Each MDP-state reflects what the agent sees in the given moment according to its position and orientation. The state number is a generated by a unique coding reflecting the input view of each of the agent’s eyes.

Each eye input is a combination of two parameters:

  • The object that the sight line encountered (wall, grass or nothing).
  • The distance (measured only by the section in which it was seen).

 The input value for each eye is therefore:

  • 0 to NofSection-1: a wall was encountered in section 1 to NofSections
  • NofSection to 2*NofSection-1: a grass was encountered in section 1 to NofSections
  • 2*NofSection: there is nothing within the view distance of this eye.

Therefore, the number of MDP states is determined by the Number of agent’s eyes, and number of sections in each eye.

Hence, the number of MDP states was calculated to be:

pow(2 * NofSections+1, NofEyes)

Reward

Since the life span of the agent is chosen by the user, and might be long, we decided to give the agent an immediate return after each step. The immediate return value is calculated based on 2 parameters:

       1.         The action the agent performs: we consider a success in navigation if the agent actually moves forward, a less valued situation is to turn right or left, and worst action is to stand still (which happens when the agent is trying to move forward when he is facing a wall).

       2.         The kind of landscape the agent is in – the agent is rewarded for standing on a grassy landscape more than standing on a non-grassy landscape.


Note that the chosen reward determines the agent’s behavior in the world. Since no reward was given for searching for new positions in which the agent never visited, there is no reason for the agent, under the current reward mechanism, won’t choose as its best policy a policy which will make it repeating the same route again and again. The current reward function was chosen since our main goal was to prevent agent from walking into walls and from halting, and in addition to encourage it to stay in grass areas.

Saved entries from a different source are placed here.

lemma rep_sum_Nil [simp]: "rep_sum J \<pi> [] x = 0"
  by (simp add: rep_sum_def)

lemma rep_sum_Cons [simp]: "rep_sum J \<pi> ((c, h) # L) x = cscale J c (\<pi> h x) + rep_sum J \<pi> L x"
  by (simp add: rep_sum_def)

lemma rep_sum_append: "rep_sum J \<pi> (L1 @ L2) x = rep_sum J \<pi> L1 x + rep_sum J \<pi> L2 x"
  by (simp add: rep_sum_def)

locale complex_unitary_rep =
  fixes J :: "'h::real_inner \<Rightarrow> 'h" and \<pi> :: "'g::group_add \<Rightarrow> 'h \<Rightarrow> 'h"
  assumes complex_structure: "complex_structure J" and unitary_rep: "unitary_rep J \<pi>"
begin

lemma rep_zero [simp]: "\<pi> 0 x = x"
  using unitary_rep by (simp add: unitary_rep_def)

lemma rep_add: "\<pi> (h + k) x = \<pi> h (\<pi> k x)"
  using unitary_rep by (simp add: unitary_rep_def)

lemma linear_rep: "linear (\<pi> h)"
  using unitary_rep by (simp add: unitary_rep_def)

lemma rep_J: "\<pi> h (J x) = J (\<pi> h x)"
  using unitary_rep by (simp add: unitary_rep_def)

lemma norm_rep [simp]: "norm (\<pi> h x) = norm x"
  using unitary_rep by (simp add: unitary_rep_def)

lemma inner_rep: "inner (\<pi> h x) (\<pi> h y) = inner x y"
  by (simp add: dot_norm_neg linear_diff[OF linear_rep, symmetric])

lemma rep_cscale: "\<pi> h (cscale J c x) = cscale J c (\<pi> h x)"
  by (simp add: cscale_def linear_add[OF linear_rep] linear_scale[OF linear_rep] rep_J)

lemma rep_sum_single: "rep_sum J \<pi> [(1, h)] = \<pi> h"
  by (simp add: fun_eq_iff)

lemma rep_sum_scale:
  "rep_sum J \<pi> (map (\<lambda>(c, h). (d * c, h)) L) x = cscale J d (rep_sum J \<pi> L x)"
  by (induction L) (auto simp: complex_structure cscale_add_right cscale_cscale)

lemma cscale_rep_rep_sum:
  "cscale J c (\<pi> h (rep_sum J \<pi> L x)) = rep_sum J \<pi> (map (\<lambda>(d, k). (c * d, h + k)) L) x"
  by (induction L) (auto simp: linear_0[OF linear_rep] linear_add[OF linear_rep] complex_structure
      cscale_add_right cscale_cscale rep_cscale rep_add)

lemma rep_sum_comp:
  "rep_sum J \<pi> (concat (map (\<lambda>(c, h). map (\<lambda>(d, k). (c * d, h + k)) L2) L1)) x
     = rep_sum J \<pi> L1 (rep_sum J \<pi> L2 x)"
  by (induction L1) (auto simp: rep_sum_append cscale_rep_rep_sum)

lemma rep_sum_adjoint:
  "inner (rep_sum J \<pi> L x) y = inner x (rep_sum J \<pi> (map (\<lambda>(c, h). (cnj c, - h)) L) y)"
proof (induction L)
  case Nil
  then show ?case by simp
next
  case (Cons p L)
  obtain c h where p: "p = (c, h)"
    by fastforce
  have "inner (cscale J c (\<pi> h x)) y = inner (\<pi> h x) (\<pi> h (\<pi> (- h) (cscale J (cnj c) y)))"
    by (simp add: inner_cscale_left[OF complex_structure] rep_add[symmetric])
  also have "\<dots> = inner x (cscale J (cnj c) (\<pi> (- h) y))"
    unfolding inner_rep by (simp add: rep_cscale)
  finally show ?case
    using Cons by (simp add: p inner_add_left inner_add_right)
qed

 The decision to give only immediate reward was partly made since with trial and error we discovered that the agent does not learn well enough given only final reward. This probably has to do with the fact that for a too long life span the final reward does not give enough information and does not defuse back to all the states (unlike the blackjack exercise, in which final return value was given, where each game was very short and there were considerably less states).

The Sarsa Algorithm

This is an online algorithm for finding the best agent’s policy (meaning which action to do in each MDP-state).

The algorithm performs a predefined number of iterations.

Each iteration include the following steps:

  • The agent chooses the epsilon-greedy action for its state, according to the matrix of states and actions values, which is updated by the algorithm.
  • It then gets its new state according to the action done.
  • Then it updates the Value matrix in the following way: A second action is chosen in an epsilon-greedy fashion from the new state, and the immediate return value to which this action leads to is calculated. The value of the previous state and action are updated according to the immediate reward, and the value of the new state and action.

We proved in class that under certain assumptions, the algorithm converges.

The TD0 Algorithm

This is an online algorithm, which evaluates a given policy. This evaluation yields a value for each MDP-state. The score we used was an average over all states.

The algorithm performs a predefined number of iterations. It updates the value function of a state by calculating the Temporal Distance between the value received from moving a step in the world (sampling the world) and the previous state value.

 Each iteration include the following steps:

  • The agent moves a step in the world, according to the action chosen by its policy for its current state.
  • The value of the next state and the immediate return value are calculated, and the previous agent’s state is updated according to them.

 Algorithms Implementation Notes

·          In each of the algorithms, the agent’s initial position is chosen randomly (from all the positions that are not a wall). This is done in order to give the agent a chance to get to new states (to “see” more view options).

When choosing a more complicated agent (an agent which has many eyes and/or many sections in each eye), the number of agent’s MDP states grows. Therefore, it takes more iterations for the algorithm to converge. In general the algorithms yielded better results when the agent has a moderate amount of states.